(* Let $p,q,d,n$ be positive integers with $p>2q$ and $d\ge 3$, let $s$ be a special vertex of $U^n_{p,q,d}$ and let $\ell$ be an integer with $1\le \ell\le \bigl\lceil \tfrac{q}{p-2q}\bigr\rceil-1$. Then the set of vertices of $U^n_{p,q,d}$ at distance exactly $\ell$ from $s$ is an independent set.
   Context: For integers $1\le q\le p$, the Kneser graph $K_{p/q}$ has as vertices all $q$-element subsets of $[p]=\{1,\dots,p\}$, two being adjacent iff they are disjoint. The extension product of graphs $G$ and $H$ has vertex set $V(G)\times V(H)$, with $(u,v)$ adjacent to $(u',v')$ iff $uu'\in E(G)$ and either $v=v'$ or $vv'\in E(H)$. Let $N=n\binom{p}{q}$. If $d$ is even, let $S$ be the star $K_{1,N}$ with each edge subdivided $d/2-1$ times, and let $U^n_{p,q,d}$ be the extension product of $K_{p/q}$ and $S$. If $d$ is odd, let $L$ be the graph obtained from the clique $K_N$ by identifying each clique vertex with one endpoint of its own path on $(d+1)/2$ vertices (the other endpoints being the leaves of $L$), and let $U^n_{p,q,d}$ be the extension product of $K_{p/q}$ and $L$. In both cases the $N$ leaves $\lambda$ of $S$ (resp. $L$) are partitioned into $\binom pq$ groups of $n$ leaves indexed by the $q$-subsets $X$ of $[p]$, and for each leaf $\lambda$ in the group of $X$ the vertex $(X,\lambda)$ is called special. *)

theory Defs
  imports Complex_Main
begin

definition walk :: "'a set \<Rightarrow> ('a \<Rightarrow> 'a \<Rightarrow> bool) \<Rightarrow> 'a list \<Rightarrow> bool" where
  "walk V E xs \<longleftrightarrow> xs \<noteq> [] \<and> set xs \<subseteq> V \<and>
     (\<forall>i < length xs - 1. E (xs ! i) (xs ! Suc i))"

definition dist_eq :: "'a set \<Rightarrow> ('a \<Rightarrow> 'a \<Rightarrow> bool) \<Rightarrow> 'a \<Rightarrow> 'a \<Rightarrow> nat \<Rightarrow> bool" where
  "dist_eq V E u v k \<longleftrightarrow>
     (\<exists>xs. walk V E xs \<and> hd xs = u \<and> last xs = v \<and> length xs = Suc k) \<and>
     (\<forall>xs. walk V E xs \<and> hd xs = u \<and> last xs = v \<longrightarrow> Suc k \<le> length xs)"

definition independent_set :: "'a set \<Rightarrow> ('a \<Rightarrow> 'a \<Rightarrow> bool) \<Rightarrow> 'a set \<Rightarrow> bool" where
  "independent_set V E A \<longleftrightarrow> A \<subseteq> V \<and> (\<forall>x\<in>A. \<forall>y\<in>A. \<not> E x y)"

definition kneser_verts :: "nat \<Rightarrow> nat \<Rightarrow> nat set set" where
  "kneser_verts p q = {X. X \<subseteq> {1..p} \<and> card X = q}"

definition kneser_adj :: "nat set \<Rightarrow> nat set \<Rightarrow> bool" where
  "kneser_adj X Y \<longleftrightarrow> X \<inter> Y = {}"

text \<open>The N = n * (p choose q) leaves are indexed by pairs (X,k) with X a q-subset of [p]
  and k < n; the leaf (X,k) belongs to the group of X.  A vertex Some((X,k),j) is the
  j-th vertex (j >= 1) on the branch/path ending at leaf (X,k); None is the centre of
  the star (d even only).\<close>

type_synonym tvert = "((nat set \<times> nat) \<times> nat) option"

definition leafpos :: "nat \<Rightarrow> nat" where
  "leafpos d = (if even d then d div 2 else (d + 1) div 2)"

definition T_verts :: "nat \<Rightarrow> nat \<Rightarrow> nat \<Rightarrow> nat \<Rightarrow> tvert set" where
  "T_verts p q n d =
     (if even d then {None} else {}) \<union>
     {Some ((X, k), j) | X k j. X \<in> kneser_verts p q \<and> k < n \<and> 1 \<le> j \<and> j \<le> leafpos d}"

definition path_adj :: "tvert \<Rightarrow> tvert \<Rightarrow> bool" where
  "path_adj a b \<longleftrightarrow> (\<exists>i j. (a = Some (i, j) \<and> b = Some (i, Suc j)) \<or>
                             (a = Some (i, Suc j) \<and> b = Some (i, j)))"

definition star_adj :: "tvert \<Rightarrow> tvert \<Rightarrow> bool" where
  "star_adj a b \<longleftrightarrow> (a = None \<and> (\<exists>i. b = Some (i, 1))) \<or> (b = None \<and> (\<exists>i. a = Some (i, 1)))"

definition clique_adj :: "tvert \<Rightarrow> tvert \<Rightarrow> bool" where
  "clique_adj a b \<longleftrightarrow> (\<exists>i i'. i \<noteq> i' \<and> a = Some (i, 1) \<and> b = Some (i', 1))"

definition T_adj :: "nat \<Rightarrow> tvert \<Rightarrow> tvert \<Rightarrow> bool" where
  "T_adj d a b \<longleftrightarrow> path_adj a b \<or> (if even d then star_adj a b else clique_adj a b)"

definition U_verts :: "nat \<Rightarrow> nat \<Rightarrow> nat \<Rightarrow> nat \<Rightarrow> (nat set \<times> tvert) set" where
  "U_verts p q n d = kneser_verts p q \<times> T_verts p q n d"

definition U_adj :: "nat \<Rightarrow> nat set \<times> tvert \<Rightarrow> nat set \<times> tvert \<Rightarrow> bool" where
  "U_adj d x y \<longleftrightarrow> kneser_adj (fst x) (fst y) \<and> (snd x = snd y \<or> T_adj d (snd x) (snd y))"

definition special :: "nat \<Rightarrow> nat \<Rightarrow> nat \<Rightarrow> nat \<Rightarrow> nat set \<times> tvert \<Rightarrow> bool" where
  "special p q n d s \<longleftrightarrow>
     (\<exists>X k. X \<in> kneser_verts p q \<and> k < n \<and> s = (X, Some ((X, k), leafpos d)))"

end

theory Submission
  imports Defs
begin

text \<open>
  Two vertices v, w at distance l from s are joined to s by walks of
  length l; if v and w were adjacent, these two walks together with the edge vw would
  form a closed walk of odd length 2l+1 through s.  Projecting U^n_{p,q,d} onto its
  first coordinate is a graph homomorphism to the Kneser graph K_{p/q} (the edges of
  the extension product are disjoint in the Kneser coordinate), so K_{p/q} would contain
  a closed walk of length 2l+1.  But in K_{p/q} two steps along a walk decrease the
  overlap with the starting set by at most p-2q, so a closed walk of length 2l+1
  forces q \<le> l(p-2q), i.e. l \<ge> q/(p-2q), contradicting the bound on l.
\<close>

lemma walk_iff_successively:
  "walk V E xs \<longleftrightarrow> xs \<noteq> [] \<and> set xs \<subseteq> V \<and> successively E xs"
  unfolding walk_def successively_conv_nth by (auto simp: less_diff_conv)

lemma walk_map:
  assumes "walk V E xs"
    and hom_vert: "\<And>x. x \<in> V \<Longrightarrow> f x \<in> W"
    and hom_edge: "\<And>x y. x \<in> V \<Longrightarrow> y \<in> V \<Longrightarrow> E x y \<Longrightarrow> F (f x) (f y)"
  shows "walk W F (map f xs)"
proof -
  have "successively E xs" "set xs \<subseteq> V" "xs \<noteq> []"
    using assms(1) by (auto simp: walk_iff_successively)
  then have "successively (\<lambda>x y. F (f x) (f y)) xs"
    by (auto intro: successively_mono hom_edge)
  then show ?thesis
    using \<open>set xs \<subseteq> V\<close> \<open>xs \<noteq> []\<close> hom_vert
    by (auto simp: walk_iff_successively successively_map)
qed

lemma walk_append_rev:
  assumes sym: "\<And>x y. E x y \<Longrightarrow> E y x"
    and "walk V E xs" "walk V E ys" "E (last xs) (last ys)"
  shows "walk V E (xs @ rev ys)"
proof -
  have "successively (\<lambda>x y. E y x) ys"
    using assms(3) by (auto simp: walk_iff_successively intro: successively_mono sym)
  then show ?thesis
    using assms(2-4) by (auto simp: walk_iff_successively successively_append_iff hd_rev)
qed

text \<open>If the q-sets B and C are both disjoint from the q-set D inside [p], then B and C
  differ in at most p-2q elements, so the overlap of any set A with B exceeds its overlap
  with C by at most p-2q.\<close>
lemma card_inter_common_neighbour:
  fixes A B C D :: "nat set"
  assumes "B \<subseteq> {1..p}" "C \<subseteq> {1..p}" "D \<subseteq> {1..p}"
    and "card B = q" "card C = q" "card D = q" "B \<inter> D = {}" "C \<inter> D = {}"
  shows "card (A \<inter> B) \<le> card (A \<inter> C) + (p - 2 * q)"
proof -
  have fin: "finite B" "finite C" "finite D"
    using assms(1-3) finite_subset by blast+
  have "A \<inter> B \<subseteq> (A \<inter> C) \<union> (B - C)" by blast
  then have "card (A \<inter> B) \<le> card (A \<inter> C) + card (B - C)"
    by (meson card_Un_le card_mono fin finite_Diff finite_Int finite_UnI le_trans)
  moreover have "card (B - C) \<le> p - 2 * q"
  proof -
    have "B \<union> C \<subseteq> {1..p} - D" using assms by blast
    then have "card (B \<union> C) \<le> p - q"
      using card_mono[of "{1..p} - D" "B \<union> C"] card_Diff_subset[OF fin(3) assms(3)] assms(6)
      by simp
    moreover have "card (B \<union> C) = card (B - C) + card C"
      using fin by (metis Un_Diff_cancel2 card_Un_disjoint Diff_disjoint inf_commute finite_Diff)
    ultimately show ?thesis using assms(5) by simp
  qed
  ultimately show ?thesis by simp
qed

lemma kneser_walk_overlap:
  assumes walk: "walk (kneser_verts p q) kneser_adj xs"
  shows "2 * j < length xs \<Longrightarrow> q \<le> card (xs ! 0 \<inter> xs ! (2 * j)) + j * (p - 2 * q)"
proof -
  have vert: "xs ! i \<subseteq> {1..p} \<and> card (xs ! i) = q" if "i < length xs" for i
    using walk nth_mem[OF that] unfolding walk_iff_successively kneser_verts_def by blast
  have edge: "xs ! i \<inter> xs ! Suc i = {}" if "Suc i < length xs" for i
    using walk successively_nth[OF _ that]
    unfolding walk_iff_successively kneser_adj_def by blast
  show "2 * j < length xs \<Longrightarrow> q \<le> card (xs ! 0 \<inter> xs ! (2 * j)) + j * (p - 2 * q)"
  proof (induction j)
    case 0
    then show ?case using vert[of 0] by simp
  next
    case (Suc j)
    have "card (xs ! 0 \<inter> xs ! (2 * j)) \<le> card (xs ! 0 \<inter> xs ! (2 * j + 2)) + (p - 2 * q)"
      using Suc.prems vert[of "2 * j"] vert[of "2 * j + 1"] vert[of "2 * j + 2"]
        edge[of "2 * j"] edge[of "2 * j + 1"]
      by (intro card_inter_common_neighbour[where D = "xs ! (2 * j + 1)"]) (auto simp: Int_commute)
    with Suc show ?case by simp
  qed
qed

lemma kneser_odd_closed_walk:
  assumes walk: "walk (kneser_verts p q) kneser_adj xs"
    and len: "length xs = 2 * l + 2" and closed: "last xs = hd xs"
  shows "q \<le> l * (p - 2 * q)"
proof -
  have "xs ! (2 * l) \<inter> xs ! Suc (2 * l) = {}"
    using walk successively_nth[of kneser_adj xs "2 * l"] len
    unfolding walk_iff_successively kneser_adj_def by simp
  moreover have "xs ! Suc (2 * l) = xs ! 0"
    using closed len by (simp add: last_conv_nth hd_conv_nth flip: length_greater_0_conv)
  ultimately have "xs ! 0 \<inter> xs ! (2 * l) = {}" by auto
  then show ?thesis
    using kneser_walk_overlap[OF walk, of l] len by simp
qed

lemma U_walk_project:
  assumes "walk (U_verts p q n d) (U_adj d) xs"
  shows "walk (kneser_verts p q) kneser_adj (map fst xs)"
  using assms by (rule walk_map) (auto simp: U_verts_def U_adj_def)

lemma below_ceiling_minus_one:
  fixes l a b :: nat
  assumes "int l \<le> \<lceil>real a / real b\<rceil> - 1" and "0 < b"
  shows "l * b < a"
proof -
  have "real l < real a / real b"
    using assms(1) by (simp add: less_ceiling_iff)
  then have "real (l * b) < real a"
    using assms(2) by (simp add: field_simps)
  then show ?thesis by linarith
qed

theorem mainTheorem4:
  fixes p q d n l :: nat and s :: "nat set \<times> tvert"
  assumes "0 < p" "0 < q" "0 < d" "0 < n"
    and "2 * q < p" and "3 \<le> d"
    and "special p q n d s"
    and "1 \<le> l" and "int l \<le> \<lceil>real q / real (p - 2 * q)\<rceil> - 1"
  shows "independent_set (U_verts p q n d) (U_adj d)
           {v \<in> U_verts p q n d. dist_eq (U_verts p q n d) (U_adj d) s v l}"
  unfolding independent_set_def
proof (intro conjI ballI notI; clarsimp)
  fix v w
  assume "dist_eq (U_verts p q n d) (U_adj d) s v l" "dist_eq (U_verts p q n d) (U_adj d) s w l"
    and adj: "U_adj d v w"
  then obtain xs ys where
    xs: "walk (U_verts p q n d) (U_adj d) xs" "hd xs = s" "last xs = v" "length xs = Suc l" and
    ys: "walk (U_verts p q n d) (U_adj d) ys" "hd ys = s" "last ys = w" "length ys = Suc l"
    unfolding dist_eq_def by blast
  let ?cycle = "map fst xs @ rev (map fst ys)"
  have "kneser_adj (last (map fst xs)) (last (map fst ys))"
    using adj xs(3,4) ys(3,4) by (simp add: last_map U_adj_def flip: length_greater_0_conv)
  then have "walk (kneser_verts p q) kneser_adj ?cycle"
    using xs(1) ys(1)
    by (intro walk_append_rev U_walk_project) (auto simp: kneser_adj_def Int_commute)
  moreover have "length ?cycle = 2 * l + 2"
    using xs(4) ys(4) by simp
  moreover have "last ?cycle = hd ?cycle"
    using xs(2,4) ys(2,4) by (simp add: last_rev hd_map flip: length_greater_0_conv)
  ultimately have "q \<le> l * (p - 2 * q)"
    by (rule kneser_odd_closed_walk)
  moreover have "l * (p - 2 * q) < q"
    using assms(5,9) by (intro below_ceiling_minus_one) auto
  ultimately show False by simp
qed

end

════════

EXERCISE PROMPT
Which lines above include the word "lemma"? Pick them out and copy them.

EXERCISE ANSWER
lemma walk_iff_successively:
lemma walk_map:
lemma walk_append_rev:
lemma card_inter_common_neighbour:
lemma kneser_walk_overlap:
lemma kneser_odd_closed_walk:
lemma U_walk_project:
lemma below_ceiling_minus_one:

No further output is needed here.